lemma cum_integral_le_if_agree_below:
  assumes P1: "admissible_P P1" and P2: "admissible_P P2" and sm: "strict_mono_on {0..1} P2"
    and U: "in_class_T U" and solU: "solves_system P1 P2 U"
    and V: "in_class_T V" and solV: "solves_system P1 P2 V"
    and below: "\<And>i x. i < k \<Longrightarrow> 0 \<le> x \<Longrightarrow> U i x = V i x"
    and x: "0 \<le> x"
  shows "cum_integral (\<lambda>t. - ln (1 - P1 (U k t))) x \<le> cum_integral (\<lambda>t. - ln (1 - P1 (V k t))) x"
proof (rule cum_integral_comparison[OF continuous_on_neg_log_integrand[OF P1 U]
      continuous_on_neg_log_integrand[OF P1 V] level_equation(1)[OF P2 sm U solU]
      level_equation(1)[OF P2 sm V solV] _ _ x])
  define c where "c x = (\<Prod>i<k. 1 - P2 (U i x))" for x
  define FU where "FU x = enn2real (cum_integral (\<lambda>t. - ln (1 - P1 (U k t))) x)" for x
  define FV where "FV x = enn2real (cum_integral (\<lambda>t. - ln (1 - P1 (V k t))) x)" for x
  have same_c: "(\<Prod>i<k. 1 - P2 (V i x)) = c x" if "0 \<le> x" for x
    unfolding c_def by (intro prod.cong refl) (simp add: below that)
  have eqU: "exp (- FU x) = 1 - c x * (1 - P2 (U k x))" if "0 \<le> x" for x
    using level_equation(2)[OF P2 sm U solU that] unfolding FU_def c_def .
  have eqV: "exp (- FV x) = 1 - c x * (1 - P2 (V k x))" if "0 \<le> x" for x
    using level_equation(2)[OF P2 sm V solV that, of k] unfolding FV_def same_c[OF that] .
  have c: "continuous_on {0..} c" unfolding c_def
    by (intro continuous_on_prod continuous_on_diff continuous_on_const admissible_comp_class(4)[OF P2 U])
  have "continuous_on {0..} (\<lambda>x. 1 - c x * (1 - P2 (U k x)))"
    by (intro continuous_on_diff continuous_on_mult continuous_on_const c admissible_comp_class(4)[OF P2 U])
  then have "continuous_on {0..} FU" by (rule continuous_on_from_exp_neg) (simp add: eqU)
  moreover have "continuous_on {0..} (\<lambda>x. 1 - c x * (1 - P2 (V k x)))"
    by (intro continuous_on_diff continuous_on_mult continuous_on_const c admissible_comp_class(4)[OF P2 V])
  then have "continuous_on {0..} FV" by (rule continuous_on_from_exp_neg) (simp add: eqV)
  ultimately show "continuous_on {0..} (\<lambda>x. FU x - FV x)" by (rule continuous_on_diff)
  txt \<open>Where the order is wrong, the shared factor c turns the system into
    P2(U_k a) < P2(V_k a), which orders the integrands.\<close>
  fix a :: real assume a: "0 < a" and wrong: "FV a < FU a"
  have "exp (- FU a) < exp (- FV a)" using wrong by simp
  then have "c a * (1 - P2 (V k a)) < c a * (1 - P2 (U k a))"
    using eqU[of a] eqV[of a] a by linarith
  moreover have "0 \<le> c a"
    unfolding c_def using admissible_comp_class(1)[OF P2 U] a by (simp add: prod_nonneg)
  ultimately have "1 - P2 (V k a) < 1 - P2 (U k a)" by (rule mult_left_less_imp_less)
  then have "P2 (U k a) < P2 (V k a)" by simp
  moreover have "U k a \<in> {0..1}" "0 \<le> V k a" "V k a < 1"
    using in_class_T_facts(1,2,5)[OF U, of a k] in_class_T_facts(1,5)[OF V, of a k] a by auto
  ultimately show "- ln (1 - P1 (U k a)) \<le> - ln (1 - P1 (V k a))"
    using neg_log_integrand_mono[OF P1 P2] by blast
qed

lemma level_unique:
  assumes P1: "admissible_P P1" and P2: "admissible_P P2" and sm: "strict_mono_on {0..1} P2"
    and U: "in_class_T U" and solU: "solves_system P1 P2 U"
    and V: "in_class_T V" and solV: "solves_system P1 P2 V"
    and below: "\<And>i x. i < k \<Longrightarrow> 0 \<le> x \<Longrightarrow> U i x = V i x"
    and x: "0 < x"
  shows "U k x = V k x"
proof -
  let ?c = "\<Prod>i<k. 1 - P2 (U i x)"
  let ?IU = "cum_integral (\<lambda>t. - ln (1 - P1 (U k t))) x"
  let ?IV = "cum_integral (\<lambda>t. - ln (1 - P1 (V k t))) x"
  have x': "0 \<le> x" using x by simp
  have below': "\<And>i x. i < k \<Longrightarrow> 0 \<le> x \<Longrightarrow> V i x = U i x" using below by metis
  have "?IU = ?IV"
    using cum_integral_le_if_agree_below[OF P1 P2 sm U solU V solV below x']
      cum_integral_le_if_agree_below[OF P1 P2 sm V solV U solU below' x']
    by (rule order.antisym)
  have same_c: "(\<Prod>i<k. 1 - P2 (V i x)) = ?c"
    by (intro prod.cong refl) (simp add: below' x')
  have "1 - ?c * (1 - P2 (U k x)) = exp (- enn2real ?IU)"
    by (rule level_equation(2)[OF P2 sm U solU x', symmetric])
  also have "\<dots> = exp (- enn2real ?IV)" using \<open>?IU = ?IV\<close> by simp
  also have "\<dots> = 1 - ?c * (1 - P2 (V k x))"
    using level_equation(2)[OF P2 sm V solV x', of k] unfolding same_c .
  finally have "?c * (1 - P2 (U k x)) = ?c * (1 - P2 (V k x))" by simp
  moreover have "?c \<noteq> 0"
    using admissible_comp_class(3)[OF P2 U x] by (simp add: prod_pos less_imp_neq[symmetric])
  ultimately have "1 - P2 (U k x) = 1 - P2 (V k x)" using mult_left_cancel by blast
  then have "P2 (V k x) = P2 (U k x)" by simp
  moreover have "V k x \<in> {0..1}" "U k x \<in> {0..1}"
    using in_class_T_facts(1,2)[OF V x', of k] in_class_T_facts(1,2)[OF U x', of k] by auto
  ultimately show ?thesis by (rule strict_mono_on_eqD[OF sm])
qed

theorem corollary3:
  fixes P1 P2 :: "real \<Rightarrow> real" and T S :: "nat \<Rightarrow> real \<Rightarrow> real"
  assumes "admissible_P P1" and "admissible_P P2"
    and "strict_mono_on {0..1} P2"
    and "in_class_T T" and "solves_system P1 P2 T"
    and "in_class_T S" and "solves_system P1 P2 S"
  shows "\<forall>k. \<forall>x\<ge>0. T k x = S k x"
proof (intro allI impI)
  fix k and x :: real
  assume "0 \<le> x"
  then show "T k x = S k x"
  proof (induction k arbitrary: x rule: less_induct)
    case (less k)
    show ?case
    proof (cases "x = 0")
      case True
      then show ?thesis using in_class_T_facts(4)[OF assms(4)] in_class_T_facts(4)[OF assms(6)] by simp
    next
      case False
      with less.prems show ?thesis using level_unique[OF assms less.IH] by simp
    qed
  qed
qed

end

# # #

WHAT THIS TASK INVOLVES = All of the material must appear again, exactly as given.

WORKED SOLUTION =
lemma cum_integral_le_if_agree_below:
  assumes P1: "admissible_P P1" and P2: "admissible_P P2" and sm: "strict_mono_on {0..1} P2"
    and U: "in_class_T U" and solU: "solves_system P1 P2 U"
    and V: "in_class_T V" and solV: "solves_system P1 P2 V"
    and below: "\<And>i x. i < k \<Longrightarrow> 0 \<le> x \<Longrightarrow> U i x = V i x"
    and x: "0 \<le> x"
  shows "cum_integral (\<lambda>t. - ln (1 - P1 (U k t))) x \<le> cum_integral (\<lambda>t. - ln (1 - P1 (V k t))) x"
proof (rule cum_integral_comparison[OF continuous_on_neg_log_integrand[OF P1 U]
      continuous_on_neg_log_integrand[OF P1 V] level_equation(1)[OF P2 sm U solU]
      level_equation(1)[OF P2 sm V solV] _ _ x])
  define c where "c x = (\<Prod>i<k. 1 - P2 (U i x))" for x
  define FU where "FU x = enn2real (cum_integral (\<lambda>t. - ln (1 - P1 (U k t))) x)" for x
  define FV where "FV x = enn2real (cum_integral (\<lambda>t. - ln (1 - P1 (V k t))) x)" for x
  have same_c: "(\<Prod>i<k. 1 - P2 (V i x)) = c x" if "0 \<le> x" for x
    unfolding c_def by (intro prod.cong refl) (simp add: below that)
  have eqU: "exp (- FU x) = 1 - c x * (1 - P2 (U k x))" if "0 \<le> x" for x
    using level_equation(2)[OF P2 sm U solU that] unfolding FU_def c_def .
  have eqV: "exp (- FV x) = 1 - c x * (1 - P2 (V k x))" if "0 \<le> x" for x
    using level_equation(2)[OF P2 sm V solV that, of k] unfolding FV_def same_c[OF that] .
  have c: "continuous_on {0..} c" unfolding c_def
    by (intro continuous_on_prod continuous_on_diff continuous_on_const admissible_comp_class(4)[OF P2 U])
  have "continuous_on {0..} (\<lambda>x. 1 - c x * (1 - P2 (U k x)))"
    by (intro continuous_on_diff continuous_on_mult continuous_on_const c admissible_comp_class(4)[OF P2 U])
  then have "continuous_on {0..} FU" by (rule continuous_on_from_exp_neg) (simp add: eqU)
  moreover have "continuous_on {0..} (\<lambda>x. 1 - c x * (1 - P2 (V k x)))"
    by (intro continuous_on_diff continuous_on_mult continuous_on_const c admissible_comp_class(4)[OF P2 V])
  then have "continuous_on {0..} FV" by (rule continuous_on_from_exp_neg) (simp add: eqV)
  ultimately show "continuous_on {0..} (\<lambda>x. FU x - FV x)" by (rule continuous_on_diff)
  txt \<open>Where the order is wrong, the shared factor c turns the system into
    P2(U_k a) < P2(V_k a), which orders the integrands.\<close>
  fix a :: real assume a: "0 < a" and wrong: "FV a < FU a"
  have "exp (- FU a) < exp (- FV a)" using wrong by simp
  then have "c a * (1 - P2 (V k a)) < c a * (1 - P2 (U k a))"
    using eqU[of a] eqV[of a] a by linarith
  moreover have "0 \<le> c a"
    unfolding c_def using admissible_comp_class(1)[OF P2 U] a by (simp add: prod_nonneg)
  ultimately have "1 - P2 (V k a) < 1 - P2 (U k a)" by (rule mult_left_less_imp_less)
  then have "P2 (U k a) < P2 (V k a)" by simp
  moreover have "U k a \<in> {0..1}" "0 \<le> V k a" "V k a < 1"
    using in_class_T_facts(1,2,5)[OF U, of a k] in_class_T_facts(1,5)[OF V, of a k] a by auto
  ultimately show "- ln (1 - P1 (U k a)) \<le> - ln (1 - P1 (V k a))"
    using neg_log_integrand_mono[OF P1 P2] by blast
qed

lemma level_unique:
  assumes P1: "admissible_P P1" and P2: "admissible_P P2" and sm: "strict_mono_on {0..1} P2"
    and U: "in_class_T U" and solU: "solves_system P1 P2 U"
    and V: "in_class_T V" and solV: "solves_system P1 P2 V"
    and below: "\<And>i x. i < k \<Longrightarrow> 0 \<le> x \<Longrightarrow> U i x = V i x"
    and x: "0 < x"
  shows "U k x = V k x"
proof -
  let ?c = "\<Prod>i<k. 1 - P2 (U i x)"
  let ?IU = "cum_integral (\<lambda>t. - ln (1 - P1 (U k t))) x"
  let ?IV = "cum_integral (\<lambda>t. - ln (1 - P1 (V k t))) x"
  have x': "0 \<le> x" using x by simp
  have below': "\<And>i x. i < k \<Longrightarrow> 0 \<le> x \<Longrightarrow> V i x = U i x" using below by metis
  have "?IU = ?IV"
    using cum_integral_le_if_agree_below[OF P1 P2 sm U solU V solV below x']
      cum_integral_le_if_agree_below[OF P1 P2 sm V solV U solU below' x']
    by (rule order.antisym)
  have same_c: "(\<Prod>i<k. 1 - P2 (V i x)) = ?c"
    by (intro prod.cong refl) (simp add: below' x')
  have "1 - ?c * (1 - P2 (U k x)) = exp (- enn2real ?IU)"
    by (rule level_equation(2)[OF P2 sm U solU x', symmetric])
  also have "\<dots> = exp (- enn2real ?IV)" using \<open>?IU = ?IV\<close> by simp
  also have "\<dots> = 1 - ?c * (1 - P2 (V k x))"
    using level_equation(2)[OF P2 sm V solV x', of k] unfolding same_c .
  finally have "?c * (1 - P2 (U k x)) = ?c * (1 - P2 (V k x))" by simp
  moreover have "?c \<noteq> 0"
    using admissible_comp_class(3)[OF P2 U x] by (simp add: prod_pos less_imp_neq[symmetric])
  ultimately have "1 - P2 (U k x) = 1 - P2 (V k x)" using mult_left_cancel by blast
  then have "P2 (V k x) = P2 (U k x)" by simp
  moreover have "V k x \<in> {0..1}" "U k x \<in> {0..1}"
    using in_class_T_facts(1,2)[OF V x', of k] in_class_T_facts(1,2)[OF U x', of k] by auto
  ultimately show ?thesis by (rule strict_mono_on_eqD[OF sm])
qed

theorem corollary3:
  fixes P1 P2 :: "real \<Rightarrow> real" and T S :: "nat \<Rightarrow> real \<Rightarrow> real"
  assumes "admissible_P P1" and "admissible_P P2"
    and "strict_mono_on {0..1} P2"
    and "in_class_T T" and "solves_system P1 P2 T"
    and "in_class_T S" and "solves_system P1 P2 S"
  shows "\<forall>k. \<forall>x\<ge>0. T k x = S k x"
proof (intro allI impI)
  fix k and x :: real
  assume "0 \<le> x"
  then show "T k x = S k x"
  proof (induction k arbitrary: x rule: less_induct)
    case (less k)
    show ?case
    proof (cases "x = 0")
      case True
      then show ?thesis using in_class_T_facts(4)[OF assms(4)] in_class_T_facts(4)[OF assms(6)] by simp
    next
      case False
      with less.prems show ?thesis using level_unique[OF assms less.IH] by simp
    qed
  qed
qed

end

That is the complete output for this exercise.